EXERCISE — Copy out lines with the word "forall" from the material that follows.

RECORDED DATA —
BEGIN

(* $M_2(3)=4$, $M_3(3)=8$, and for every integer $k\ge 4$, $$\tfrac{3}{4}\,2^k+2\le M_k(3)\le 2^k-1.$$
   Context: All graphs are finite and simple. A path $v_1,\ldots,v_r$ in a graph $G$ is degree-monotone if $\deg_G(v_1)\le\cdots\le\deg_G(v_r)$; its order is $r$. Let $mp(G)$ be the maximum order of a degree-monotone path in $G$. For a $k$-edge-coloring of $K_n$ with colors $1,\ldots,k$, let $G_j$ be the spanning subgraph consisting of the edges colored $j$ (degrees taken in $G_j$). $M_k(m)$ is the minimum integer $M$ such that for every $n\ge M$ and every $k$-edge-coloring of $K_n$ there is some $j$ with $mp(G_j)\ge m$. *)

theory Defs
  imports Complex_Main
begin

text \<open>The complete graph K_n has vertex set {0..<n}. A k-edge-colouring is a symmetric
function c assigning to every pair of distinct vertices a colour in {1..k}.\<close>

definition edge_coloring :: "nat \<Rightarrow> nat \<Rightarrow> (nat \<Rightarrow> nat \<Rightarrow> nat) \<Rightarrow> bool" where
  "edge_coloring k n c \<longleftrightarrow>
     (\<forall>u v. u < n \<and> v < n \<and> u \<noteq> v \<longrightarrow> c u v = c v u \<and> c u v \<in> {1..k})"

definition col_edge :: "nat \<Rightarrow> (nat \<Rightarrow> nat \<Rightarrow> nat) \<Rightarrow> nat \<Rightarrow> nat \<Rightarrow> nat \<Rightarrow> bool" where
  "col_edge n c j u v \<longleftrightarrow> u < n \<and> v < n \<and> u \<noteq> v \<and> c u v = j"

definition col_deg :: "nat \<Rightarrow> (nat \<Rightarrow> nat \<Rightarrow> nat) \<Rightarrow> nat \<Rightarrow> nat \<Rightarrow> nat" where
  "col_deg n c j v = card {u. col_edge n c j v u}"

text \<open>A degree-monotone path in G_j, given as the list of its vertices (order = length).\<close>
definition dm_path :: "nat \<Rightarrow> (nat \<Rightarrow> nat \<Rightarrow> nat) \<Rightarrow> nat \<Rightarrow> nat list \<Rightarrow> bool" where
  "dm_path n c j vs \<longleftrightarrow> vs \<noteq> [] \<and> distinct vs \<and> set vs \<subseteq> {..<n} \<and>
     (\<forall>i. Suc i < length vs \<longrightarrow> col_edge n c j (vs ! i) (vs ! Suc i)
            \<and> col_deg n c j (vs ! i) \<le> col_deg n c j (vs ! Suc i))"

definition mp :: "nat \<Rightarrow> (nat \<Rightarrow> nat \<Rightarrow> nat) \<Rightarrow> nat \<Rightarrow> nat" where
  "mp n c j = Max (length ` {vs. dm_path n c j vs})"

definition mk_good :: "nat \<Rightarrow> nat \<Rightarrow> nat \<Rightarrow> bool" where
  "mk_good k m M \<longleftrightarrow> (\<forall>n \<ge> M. \<forall>c. edge_coloring k n c \<longrightarrow> (\<exists>j \<in> {1..k}. mp n c j \<ge> m))"

definition M_k :: "nat \<Rightarrow> nat \<Rightarrow> nat" where
  "M_k k m = (LEAST M. mk_good k m M)"

end

theory Submission
  imports Defs "HOL-Analysis.Convex"
begin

END

RESULT —
     (\<forall>u v. u < n \<and> v < n \<and> u \<noteq> v \<longrightarrow> c u v = c v u \<and> c u v \<in> {1..k})"
     (\<forall>i. Suc i < length vs \<longrightarrow> col_edge n c j (vs ! i) (vs ! Suc i)
  "mk_good k m M \<longleftrightarrow> (\<forall>n \<ge> M. \<forall>c. edge_coloring k n c \<longrightarrow> (\<exists>j \<in> {1..k}. mp n c j \<ge> m))"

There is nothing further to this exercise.